“月黑风高杀人夜,”宋栖棠落下车窗,凉冽的眸子掠过居民楼,看向身侧气定神闲的男人,“是不是?三哥。”
江宴行勾唇,单手支着窗觑她,耐人寻味一笑,“我以前希望你这么叫我,现在你真这么叫了,知道我想对你怎么样吗?”
“我管你怎么样,”宋栖棠冷哼,“反正你脑子里废料多,离不开那档事。”
“大小姐真了解我。”江宴行执起她柔嫩的手把玩,睫毛微微舒展,语调放得轻缓,“怎么突然愿意叫我三哥?你先前没这习惯。”
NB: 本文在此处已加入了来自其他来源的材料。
(* Let $\bm X=(X_k:k\in V)$ have standard exponential margins and follow a tree geometric extremal graphical model with gauge $$g(\bm x)=\sum_{\{i,j\}\in E}\big(g_{\{i,j\}}(x_i,x_j)-x_i-x_j\big)+\sum_{k\in V}x_k,$$ where for each edge $g_{\{i,j\}}(x_i,x_j)=\frac{x_i}{\theta_{ij}}+\frac{x_j}{\gamma_{ij}}+\Big(1-\frac{1}{\theta_{ij}}-\frac{1}{\gamma_{ij}}\Big)\min(x_i,x_j)$ with $\theta_{ij},\gamma_{ij}\in(0,1)$. For $k<l$ in $V$, let $\mathrm{pa}(k,l)$ be the set of edges along the shortest path from $k$ to $l$, each written as an ordered pair $(i,j)$ with $i$ the endpoint nearer to $k$. Then $$g_{\{k,l\}}(x_k,x_l)=\frac{x_k}{\max_{(i,j)\in\mathrm{pa}(k,l)}\theta_{ij}}+\frac{x_l}{\max_{(i,j)\in\mathrm{pa}(k,l)}\gamma_{ij}}+\Big(1-\frac{1}{\max_{(i,j)\in\mathrm{pa}(k,l)}\theta_{ij}}-\frac{1}{\max_{(i,j)\in\mathrm{pa}(k,l)}\gamma_{ij}}\Big)\min(x_k,x_l).$$
   Context: A tree is a connected acyclic graph $(V,E)$. $g_{\{k,l\}}(x_k,x_l)=\min_{x_s\ge0,\,s\notin\{k,l\}}g(\bm x)$ is the bivariate marginal gauge. The parameterization of an edge's gauge depends on orientation: writing the edge as $(j,i)$ instead of $(i,j)$ corresponds to $\theta_{ji}=\gamma_{ij}$ and $\gamma_{ji}=\theta_{ij}$. *)

theory Defs
  imports Complex_Main
begin

text \<open>Undirected graph on vertex set V, each edge stored once as an ordered pair (i,j);
  the parameters theta, gamma of an edge refer to this stored orientation.\<close>

definition adj :: "('v \<times> 'v) set \<Rightarrow> 'v \<Rightarrow> 'v \<Rightarrow> bool" where
  "adj E i j \<longleftrightarrow> (i, j) \<in> E \<or> (j, i) \<in> E"
(* If $n$ is even, then there exists a line spread $\mathcal F$ of $\mathrm{PG}(2n-1,q)$ such that every line of $\mathcal F$ is scattered with respect to the Desarguesian spread $\mathcal S$, i.e. meets every element of $\mathcal S$ in at most one point.
   Context: Let $q$ be a prime power, $n>1$ an integer, $F=\mathbb F_q\subset M=\mathbb F_{q^n}\subset L=\mathbb F_{q^{2n}}$. Regard $L$ as a $2n$-dimensional $F$-vector space; $\mathrm{PG}(2n-1,q)$ has as points the subspaces $Fz$, $z\in L^*$, and lines the 2-dimensional $F$-subspaces. $\mathcal S$ is the Desarguesian spread of $(n-1)$-subspaces of $\mathrm{PG}(2n-1,q)$ consisting of the projective subspaces determined by the one-dimensional $M$-subspaces $Mz$, $z\in L^*$. A line spread is a set of lines partitioning the point set. A set of points is scattered with respect to a spread if it meets each spread element in at most one point. *)

theory Defs
  imports Main
begin

definition is_subfield :: "'a::field set \<Rightarrow> bool" where
  "is_subfield K \<longleftrightarrow> 0 \<in> K \<and> 1 \<in> K \<and>
     (\<forall>x\<in>K. \<forall>y\<in>K. x + y \<in> K \<and> x * y \<in> K) \<and>
     (\<forall>x\<in>K. - x \<in> K \<and> inverse x \<in> K)"

definition mults :: "'a::field set \<Rightarrow> 'a \<Rightarrow> 'a set" where
  "mults K z = {c * z | c. c \<in> K}"

text \<open>Points of PG(2n-1,q): the subspaces Fz with z nonzero.\<close>
definition is_point :: "'a::field set \<Rightarrow> 'a set \<Rightarrow> bool" where
  "is_point F P \<longleftrightarrow> (\<exists>z. z \<noteq> 0 \<and> P = mults F z)"

definition is_line :: "'a::field set \<Rightarrow> 'a set \<Rightarrow> bool" where
  "is_line F l \<longleftrightarrow> (\<exists>x y. l = {a * x + b * y | a b. a \<in> F \<and> b \<in> F} \<and>
       (\<forall>a\<in>F. \<forall>b\<in>F. a * x + b * y = 0 \<longrightarrow> a = 0 \<and> b = 0))"

definition line_spread :: "'a::field set \<Rightarrow> 'a set set \<Rightarrow> bool" where
  "line_spread F S \<longleftrightarrow> (\<forall>l\<in>S. is_line F l) \<and>
     (\<forall>P. is_point F P \<longrightarrow> (\<exists>!l. l \<in> S \<and> P \<subseteq> l))"

definition desarg_elem :: "'a::field set \<Rightarrow> 'a set \<Rightarrow> bool" where
  "desarg_elem M E \<longleftrightarrow> (\<exists>z. z \<noteq> 0 \<and> E = mults M z)"

definition scattered_line :: "'a::field set \<Rightarrow> 'a::field set \<Rightarrow> 'a set \<Rightarrow> bool" where
  "scattered_line F M l \<longleftrightarrow> (\<forall>E. desarg_elem M E \<longrightarrow>
     (\<forall>P Q. is_point F P \<and> P \<subseteq> l \<and> P \<subseteq> E \<and>
            is_point F Q \<and> Q \<subseteq> l \<and> Q \<subseteq> E \<longrightarrow> P = Q))"

end

theory Submission
  imports Defs "HOL-Number_Theory.Cong" "HOL-Computational_Algebra.Polynomial"
begin

text \<open>An F-linear map T of L with T^2 = t T + s, where X^2 - t X - s is irreducible over F, makes L
  a vector space over F[T], a field with q^2 elements; its one-dimensional subspaces {a v + b T v}
  form a line spread. Such a line meets some Mz in two points exactly when it contains an
  eigenvector of T with eigenvalue in M. Writing L = M \<oplus> M\<theta>, the map
  (x, y) \<mapsto> (a x + y^q, c x^(q^(n-1)) + d y) satisfies T^2 = t T + s for suitable c, d, and its
  eigenvalues in M are the solutions of m^(q+1) - a m^q + (a - t) m = s. Every m \<in> M - F is a
  solution for exactly one a, and no m \<in> F is, so some a \<in> M leaves T without eigenvalues in M.\<close>

context
  fixes K :: "'a::field set"
  assumes K: "is_subfield K"
begin

lemma subfield_zero: "0 \<in> K" and subfield_one: "1 \<in> K"
  using K by (auto simp: is_subfield_def)

lemma subfield_add: "x \<in> K \<Longrightarrow> y \<in> K \<Longrightarrow> x + y \<in> K"
  and subfield_mult: "x \<in> K \<Longrightarrow> y \<in> K \<Longrightarrow> x * y \<in> K"
  and subfield_uminus: "x \<in> K \<Longrightarrow> - x \<in> K"
  and subfield_inverse: "x \<in> K \<Longrightarrow> inverse x \<in> K"
  using K by (auto simp: is_subfield_def)

lemma subfield_diff: "x \<in> K \<Longrightarrow> y \<in> K \<Longrightarrow> x - y \<in> K"
  by (metis diff_conv_add_uminus subfield_add subfield_uminus)

lemma subfield_divide: "x \<in> K \<Longrightarrow> y \<in> K \<Longrightarrow> x / y \<in> K"
  by (metis divide_inverse subfield_inverse subfield_mult)

lemma subfield_power: "x \<in> K \<Longrightarrow> x ^ m \<in> K"
  by (induction m) (auto simp: subfield_one subfield_mult)

lemma mem_mults_self: "z \<in> mults K z"
  using subfield_one by (auto simp: mults_def intro: exI[of _ 1])

lemma mults_subset_iff:
  assumes "\<And>c x. c \<in> K \<Longrightarrow> x \<in> X \<Longrightarrow> c * x \<in> X"
  shows "mults K z \<subseteq> X \<longleftrightarrow> z \<in> X"
proof
  show "z \<in> X" if "mults K z \<subseteq> X"
    using that mem_mults_self by blast
  show "mults K z \<subseteq> X" if "z \<in> X"
    using that assms by (auto simp: mults_def)
qed

lemma mults_mult_eq:
  assumes "a \<in> K" and "a \<noteq> 0"
  shows "mults K (a * z) = mults K z"
proof
  show "mults K (a * z) \<subseteq> mults K z"
    using assms(1) subfield_mult by (auto simp: mults_def mult.assoc[symmetric])
  show "mults K z \<subseteq> mults K (a * z)"
  proof
    fix x
    assume "x \<in> mults K z"
    then obtain c where "c \<in> K" "x = c * z"
      unfolding mults_def by auto
    then have "c / a \<in> K" "x = (c / a) * (a * z)"
      using assms subfield_divide by auto
    then show "x \<in> mults K (a * z)"
      unfolding mults_def by blast
  qed
qed

lemma power_card_subfield:
  assumes "finite K" and x: "x \<in> K"
  shows "x ^ card K = x"
proof (cases "x = 0")
  case True
  then show ?thesis using assms subfield_zero by (auto simp: card_gt_0_iff)
next
  case False
  have "(\<Prod>y\<in>K-{0}. x * y) = (\<Prod>y\<in>K-{0}. y)"
    by (rule prod.reindex_bij_witness[of _ "\<lambda>y. y / x" "\<lambda>y. x * y"])
       (use False x in \<open>auto simp: subfield_divide subfield_mult\<close>)
  moreover have "(\<Prod>y\<in>K-{0}. x * y) = x ^ card (K - {0}) * (\<Prod>y\<in>K-{0}. y)"
    by (simp add: prod.distrib)
  moreover have "(\<Prod>y\<in>K-{0}. y) \<noteq> 0"
    using \<open>finite K\<close> by simp
  ultimately have "x ^ card (K - {0}) = 1"
    by simp
  moreover have "card K = Suc (card (K - {0}))"
    using \<open>finite K\<close> subfield_zero by (metis card_Suc_Diff1)
  ultimately show ?thesis by simp
qed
宋栖棠甩开他,反唇相讥,“年纪大了就爱装蒜,听不出我故意讽刺?”
“有吗?”江宴行似笑非笑端详她,佯装思考一会儿,缓声做总结,“大概是声音特别好听,就算讽刺也觉得很顺耳。”
宋栖棠横他一眼,“你失业了,做话术员搞诈骗是不错的选择。”
“谢谢夸奖,所以你这是委婉表示自己对我的恭维受用?”江宴行越过宋栖棠看一眼窗外,原先慵懒的神情倏然冷凝,“可以动手了。”
——
何峥嵘一直联系不上。
今天总算露面,居然跟宋栖棠和江宴行同行!
如果只有宋栖棠就罢了,偏偏江宴行还在,所以何峥嵘的处境肯定不妙。
阿华与阿伟准备白天跑路,没想到被宋栖棠的人及时堵住。
因为附近是居民楼,丁点吵嚷便容易引人注目,宋栖棠吩咐迈克先把人盯紧,等台风来再动手,免得惊动居民。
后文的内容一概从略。